DATA EXTRACT
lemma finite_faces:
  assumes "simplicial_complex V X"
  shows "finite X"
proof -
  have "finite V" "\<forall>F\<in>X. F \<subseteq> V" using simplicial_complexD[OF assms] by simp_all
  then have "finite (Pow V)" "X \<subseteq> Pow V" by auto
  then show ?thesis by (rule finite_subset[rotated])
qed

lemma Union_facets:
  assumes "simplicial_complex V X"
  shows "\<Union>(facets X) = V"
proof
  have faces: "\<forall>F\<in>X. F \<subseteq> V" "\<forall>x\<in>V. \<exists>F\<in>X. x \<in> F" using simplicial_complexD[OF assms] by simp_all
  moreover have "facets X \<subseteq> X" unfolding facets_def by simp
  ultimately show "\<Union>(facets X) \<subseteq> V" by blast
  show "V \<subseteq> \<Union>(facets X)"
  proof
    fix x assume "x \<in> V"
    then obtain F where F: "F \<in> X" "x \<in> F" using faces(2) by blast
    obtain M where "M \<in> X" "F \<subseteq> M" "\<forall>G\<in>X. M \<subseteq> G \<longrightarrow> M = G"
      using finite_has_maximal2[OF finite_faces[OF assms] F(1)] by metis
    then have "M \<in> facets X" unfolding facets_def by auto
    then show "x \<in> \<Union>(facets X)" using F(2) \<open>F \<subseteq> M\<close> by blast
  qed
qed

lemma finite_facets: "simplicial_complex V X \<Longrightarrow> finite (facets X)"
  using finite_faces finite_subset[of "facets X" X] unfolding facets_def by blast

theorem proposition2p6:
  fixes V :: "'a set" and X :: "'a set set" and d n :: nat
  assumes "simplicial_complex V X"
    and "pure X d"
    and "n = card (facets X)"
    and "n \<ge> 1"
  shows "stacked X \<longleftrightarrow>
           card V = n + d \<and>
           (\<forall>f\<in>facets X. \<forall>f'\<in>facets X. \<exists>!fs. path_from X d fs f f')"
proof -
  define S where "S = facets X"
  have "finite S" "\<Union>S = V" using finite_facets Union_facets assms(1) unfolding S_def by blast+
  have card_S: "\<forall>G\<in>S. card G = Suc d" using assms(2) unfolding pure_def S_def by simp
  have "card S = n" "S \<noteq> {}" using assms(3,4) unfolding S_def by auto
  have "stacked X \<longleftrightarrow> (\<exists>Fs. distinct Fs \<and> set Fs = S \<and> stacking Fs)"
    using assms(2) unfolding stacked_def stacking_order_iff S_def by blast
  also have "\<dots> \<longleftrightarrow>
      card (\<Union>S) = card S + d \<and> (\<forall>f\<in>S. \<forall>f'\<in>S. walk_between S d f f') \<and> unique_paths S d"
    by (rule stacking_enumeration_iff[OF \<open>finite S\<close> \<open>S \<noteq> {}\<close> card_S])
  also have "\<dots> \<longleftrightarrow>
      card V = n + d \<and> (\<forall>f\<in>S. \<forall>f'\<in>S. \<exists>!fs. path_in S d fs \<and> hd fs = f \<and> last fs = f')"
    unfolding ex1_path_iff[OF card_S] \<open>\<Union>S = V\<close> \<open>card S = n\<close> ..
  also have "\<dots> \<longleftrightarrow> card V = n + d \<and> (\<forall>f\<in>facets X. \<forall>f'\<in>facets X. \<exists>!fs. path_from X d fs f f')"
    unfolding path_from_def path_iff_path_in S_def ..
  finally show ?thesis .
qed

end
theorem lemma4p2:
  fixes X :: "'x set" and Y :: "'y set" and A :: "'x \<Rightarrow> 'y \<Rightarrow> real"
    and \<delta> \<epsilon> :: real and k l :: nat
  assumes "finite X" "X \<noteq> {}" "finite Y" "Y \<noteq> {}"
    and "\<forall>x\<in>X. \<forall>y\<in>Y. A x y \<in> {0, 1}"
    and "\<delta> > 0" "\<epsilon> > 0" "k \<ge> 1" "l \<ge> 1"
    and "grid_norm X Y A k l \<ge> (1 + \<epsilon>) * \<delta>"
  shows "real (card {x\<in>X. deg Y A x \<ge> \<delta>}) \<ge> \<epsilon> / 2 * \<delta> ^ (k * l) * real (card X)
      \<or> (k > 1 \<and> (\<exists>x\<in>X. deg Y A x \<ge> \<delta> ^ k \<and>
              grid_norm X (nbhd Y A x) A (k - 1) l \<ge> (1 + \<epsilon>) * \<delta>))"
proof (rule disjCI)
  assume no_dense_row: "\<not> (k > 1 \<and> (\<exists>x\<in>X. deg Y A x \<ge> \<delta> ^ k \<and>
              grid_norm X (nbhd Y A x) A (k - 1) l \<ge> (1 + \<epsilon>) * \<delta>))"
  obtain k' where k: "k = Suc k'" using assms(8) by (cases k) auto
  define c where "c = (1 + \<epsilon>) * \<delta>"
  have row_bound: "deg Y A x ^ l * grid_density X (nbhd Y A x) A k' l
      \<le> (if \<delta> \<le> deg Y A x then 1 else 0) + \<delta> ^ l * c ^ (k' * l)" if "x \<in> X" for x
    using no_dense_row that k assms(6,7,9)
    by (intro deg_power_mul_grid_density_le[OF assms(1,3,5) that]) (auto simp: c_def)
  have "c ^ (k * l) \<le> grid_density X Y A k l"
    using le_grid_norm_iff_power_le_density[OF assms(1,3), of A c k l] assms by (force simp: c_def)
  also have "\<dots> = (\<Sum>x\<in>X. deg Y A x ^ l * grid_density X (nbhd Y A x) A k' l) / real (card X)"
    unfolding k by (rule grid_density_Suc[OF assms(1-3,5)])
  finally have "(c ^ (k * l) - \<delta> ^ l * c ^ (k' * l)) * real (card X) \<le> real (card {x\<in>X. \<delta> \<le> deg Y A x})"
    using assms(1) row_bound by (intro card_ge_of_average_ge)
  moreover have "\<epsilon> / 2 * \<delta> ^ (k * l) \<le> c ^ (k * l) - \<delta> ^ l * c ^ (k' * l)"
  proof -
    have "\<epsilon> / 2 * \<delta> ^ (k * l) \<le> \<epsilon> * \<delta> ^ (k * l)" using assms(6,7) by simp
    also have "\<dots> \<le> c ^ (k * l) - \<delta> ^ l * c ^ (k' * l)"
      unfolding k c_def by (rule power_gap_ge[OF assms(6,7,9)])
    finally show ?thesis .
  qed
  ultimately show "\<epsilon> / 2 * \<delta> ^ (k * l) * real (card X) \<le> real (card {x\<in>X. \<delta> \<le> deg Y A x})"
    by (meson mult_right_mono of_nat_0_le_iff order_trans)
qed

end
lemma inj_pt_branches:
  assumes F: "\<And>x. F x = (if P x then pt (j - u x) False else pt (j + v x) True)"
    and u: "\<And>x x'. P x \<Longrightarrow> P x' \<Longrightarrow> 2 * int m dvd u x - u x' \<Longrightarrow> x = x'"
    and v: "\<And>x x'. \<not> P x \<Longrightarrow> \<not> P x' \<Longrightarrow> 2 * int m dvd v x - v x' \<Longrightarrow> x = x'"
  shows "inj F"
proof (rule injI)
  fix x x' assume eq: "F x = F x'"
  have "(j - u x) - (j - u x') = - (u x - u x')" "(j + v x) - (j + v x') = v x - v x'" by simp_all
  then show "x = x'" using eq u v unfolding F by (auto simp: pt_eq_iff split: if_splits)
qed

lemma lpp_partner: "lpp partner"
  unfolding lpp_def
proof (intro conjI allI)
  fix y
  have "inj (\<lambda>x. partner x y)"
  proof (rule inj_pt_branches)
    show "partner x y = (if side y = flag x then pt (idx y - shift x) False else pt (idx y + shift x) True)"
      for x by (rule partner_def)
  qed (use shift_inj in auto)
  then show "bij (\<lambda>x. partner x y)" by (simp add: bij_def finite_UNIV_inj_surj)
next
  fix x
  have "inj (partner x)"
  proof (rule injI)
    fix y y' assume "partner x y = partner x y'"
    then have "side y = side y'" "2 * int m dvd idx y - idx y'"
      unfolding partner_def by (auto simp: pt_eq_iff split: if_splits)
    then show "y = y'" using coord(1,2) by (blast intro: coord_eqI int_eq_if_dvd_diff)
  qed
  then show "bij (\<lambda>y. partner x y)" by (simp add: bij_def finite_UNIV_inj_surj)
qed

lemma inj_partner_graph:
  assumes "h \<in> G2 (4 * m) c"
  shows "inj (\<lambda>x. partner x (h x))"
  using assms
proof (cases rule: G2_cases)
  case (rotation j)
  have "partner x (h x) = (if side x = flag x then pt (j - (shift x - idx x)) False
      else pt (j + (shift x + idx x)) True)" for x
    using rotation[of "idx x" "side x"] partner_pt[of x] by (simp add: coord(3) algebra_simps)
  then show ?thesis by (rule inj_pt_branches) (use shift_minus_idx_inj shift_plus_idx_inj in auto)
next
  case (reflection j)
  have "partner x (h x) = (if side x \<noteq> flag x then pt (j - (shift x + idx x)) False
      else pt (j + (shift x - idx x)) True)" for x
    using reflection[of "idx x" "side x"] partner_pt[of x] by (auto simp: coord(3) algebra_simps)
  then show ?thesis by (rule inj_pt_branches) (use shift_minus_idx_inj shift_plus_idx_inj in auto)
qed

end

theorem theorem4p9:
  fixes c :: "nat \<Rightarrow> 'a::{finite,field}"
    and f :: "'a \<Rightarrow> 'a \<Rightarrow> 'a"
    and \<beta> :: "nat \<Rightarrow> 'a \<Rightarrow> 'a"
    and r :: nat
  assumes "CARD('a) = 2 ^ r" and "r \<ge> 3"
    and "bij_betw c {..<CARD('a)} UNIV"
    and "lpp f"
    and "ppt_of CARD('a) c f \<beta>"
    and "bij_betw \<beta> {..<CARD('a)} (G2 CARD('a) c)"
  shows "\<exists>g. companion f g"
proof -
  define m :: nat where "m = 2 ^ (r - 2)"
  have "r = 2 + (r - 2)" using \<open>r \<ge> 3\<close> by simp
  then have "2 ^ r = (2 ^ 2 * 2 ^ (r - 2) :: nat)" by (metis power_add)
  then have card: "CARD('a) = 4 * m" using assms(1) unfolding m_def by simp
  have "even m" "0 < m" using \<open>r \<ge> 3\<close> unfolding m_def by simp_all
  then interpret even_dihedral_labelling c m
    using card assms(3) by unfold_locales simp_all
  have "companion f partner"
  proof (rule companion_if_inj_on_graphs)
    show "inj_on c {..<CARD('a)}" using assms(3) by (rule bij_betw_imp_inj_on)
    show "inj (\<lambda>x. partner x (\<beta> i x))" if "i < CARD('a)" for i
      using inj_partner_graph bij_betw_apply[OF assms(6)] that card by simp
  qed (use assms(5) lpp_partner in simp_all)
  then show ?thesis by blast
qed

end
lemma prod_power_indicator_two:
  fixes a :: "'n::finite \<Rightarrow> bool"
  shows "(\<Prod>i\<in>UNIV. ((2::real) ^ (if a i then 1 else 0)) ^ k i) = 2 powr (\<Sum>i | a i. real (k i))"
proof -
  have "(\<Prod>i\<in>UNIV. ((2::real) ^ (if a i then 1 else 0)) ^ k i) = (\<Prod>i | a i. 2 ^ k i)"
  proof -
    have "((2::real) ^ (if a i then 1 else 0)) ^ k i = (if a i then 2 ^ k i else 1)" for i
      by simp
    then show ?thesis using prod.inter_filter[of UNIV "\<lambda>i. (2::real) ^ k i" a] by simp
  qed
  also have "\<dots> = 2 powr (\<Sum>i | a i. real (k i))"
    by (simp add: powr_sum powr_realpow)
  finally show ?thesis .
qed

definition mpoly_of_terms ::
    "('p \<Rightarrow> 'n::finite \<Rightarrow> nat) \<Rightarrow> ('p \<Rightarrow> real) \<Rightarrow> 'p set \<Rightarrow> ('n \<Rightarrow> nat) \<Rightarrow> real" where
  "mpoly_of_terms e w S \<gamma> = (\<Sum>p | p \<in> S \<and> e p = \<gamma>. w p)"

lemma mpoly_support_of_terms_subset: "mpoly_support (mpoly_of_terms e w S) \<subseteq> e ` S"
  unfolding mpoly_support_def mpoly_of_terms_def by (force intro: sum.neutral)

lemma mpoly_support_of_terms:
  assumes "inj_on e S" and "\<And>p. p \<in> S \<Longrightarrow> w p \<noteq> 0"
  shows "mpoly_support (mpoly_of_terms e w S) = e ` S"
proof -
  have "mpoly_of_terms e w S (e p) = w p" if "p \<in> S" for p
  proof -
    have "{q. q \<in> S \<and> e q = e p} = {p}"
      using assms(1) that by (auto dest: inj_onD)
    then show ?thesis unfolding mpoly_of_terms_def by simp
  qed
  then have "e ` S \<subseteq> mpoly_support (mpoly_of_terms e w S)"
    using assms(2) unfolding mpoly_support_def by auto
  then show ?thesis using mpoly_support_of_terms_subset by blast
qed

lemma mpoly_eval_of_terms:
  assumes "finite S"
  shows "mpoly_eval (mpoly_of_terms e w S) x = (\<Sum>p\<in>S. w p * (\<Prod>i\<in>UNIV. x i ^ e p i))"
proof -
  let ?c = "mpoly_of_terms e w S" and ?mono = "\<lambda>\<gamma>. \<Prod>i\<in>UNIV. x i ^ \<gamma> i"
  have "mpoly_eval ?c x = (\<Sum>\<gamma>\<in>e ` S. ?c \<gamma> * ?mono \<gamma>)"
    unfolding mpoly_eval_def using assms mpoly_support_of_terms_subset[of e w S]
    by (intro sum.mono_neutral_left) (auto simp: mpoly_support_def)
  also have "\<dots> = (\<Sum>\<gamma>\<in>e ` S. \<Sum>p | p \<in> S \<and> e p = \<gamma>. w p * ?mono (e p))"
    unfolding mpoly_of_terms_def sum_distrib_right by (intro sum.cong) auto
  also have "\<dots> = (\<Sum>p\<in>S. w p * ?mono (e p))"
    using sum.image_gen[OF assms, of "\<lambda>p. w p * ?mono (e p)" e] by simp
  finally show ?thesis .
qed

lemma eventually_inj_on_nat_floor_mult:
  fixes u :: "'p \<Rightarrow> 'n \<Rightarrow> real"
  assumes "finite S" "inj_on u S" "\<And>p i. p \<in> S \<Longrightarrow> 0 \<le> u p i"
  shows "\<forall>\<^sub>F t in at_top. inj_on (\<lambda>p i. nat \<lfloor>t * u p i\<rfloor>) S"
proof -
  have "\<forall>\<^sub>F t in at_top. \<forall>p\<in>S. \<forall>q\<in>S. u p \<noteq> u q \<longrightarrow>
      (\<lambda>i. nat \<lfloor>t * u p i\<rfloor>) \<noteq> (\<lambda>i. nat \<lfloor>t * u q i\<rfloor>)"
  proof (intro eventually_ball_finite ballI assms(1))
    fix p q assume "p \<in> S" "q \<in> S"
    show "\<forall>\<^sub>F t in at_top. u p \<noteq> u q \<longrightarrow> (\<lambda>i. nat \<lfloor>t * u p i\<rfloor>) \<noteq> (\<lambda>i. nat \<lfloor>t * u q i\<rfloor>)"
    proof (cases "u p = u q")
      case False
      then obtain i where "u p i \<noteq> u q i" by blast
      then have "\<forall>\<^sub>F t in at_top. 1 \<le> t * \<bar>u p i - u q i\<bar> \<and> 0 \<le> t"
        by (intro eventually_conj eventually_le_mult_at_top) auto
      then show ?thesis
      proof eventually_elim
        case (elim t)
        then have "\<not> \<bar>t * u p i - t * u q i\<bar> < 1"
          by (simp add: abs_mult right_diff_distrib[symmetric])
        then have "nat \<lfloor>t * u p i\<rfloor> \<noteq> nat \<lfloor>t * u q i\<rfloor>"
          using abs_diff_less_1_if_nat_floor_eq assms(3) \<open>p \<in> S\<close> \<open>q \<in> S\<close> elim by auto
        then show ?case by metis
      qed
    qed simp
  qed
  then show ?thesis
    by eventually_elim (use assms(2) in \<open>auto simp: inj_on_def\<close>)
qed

EXERCISE OBJECTIVE
Copy out, exactly and alone, the lines of the entries above between the ones holding "fix x x' assume" and "qed (use shift_inj in auto)", inclusive.

ANSWER SPACE
  fix x x' assume eq: "F x = F x'"
  have "(j - u x) - (j - u x') = - (u x - u x')" "(j + v x) - (j + v x') = v x - v x'" by simp_all
  then show "x = x'" using eq u v unfolding F by (auto simp: pt_eq_iff split: if_splits)
qed

lemma lpp_partner: "lpp partner"
  unfolding lpp_def
proof (intro conjI allI)
  fix y
  have "inj (\<lambda>x. partner x y)"
  proof (rule inj_pt_branches)
    show "partner x y = (if side y = flag x then pt (idx y - shift x) False else pt (idx y + shift x) True)"
      for x by (rule partner_def)
  qed (use shift_inj in auto)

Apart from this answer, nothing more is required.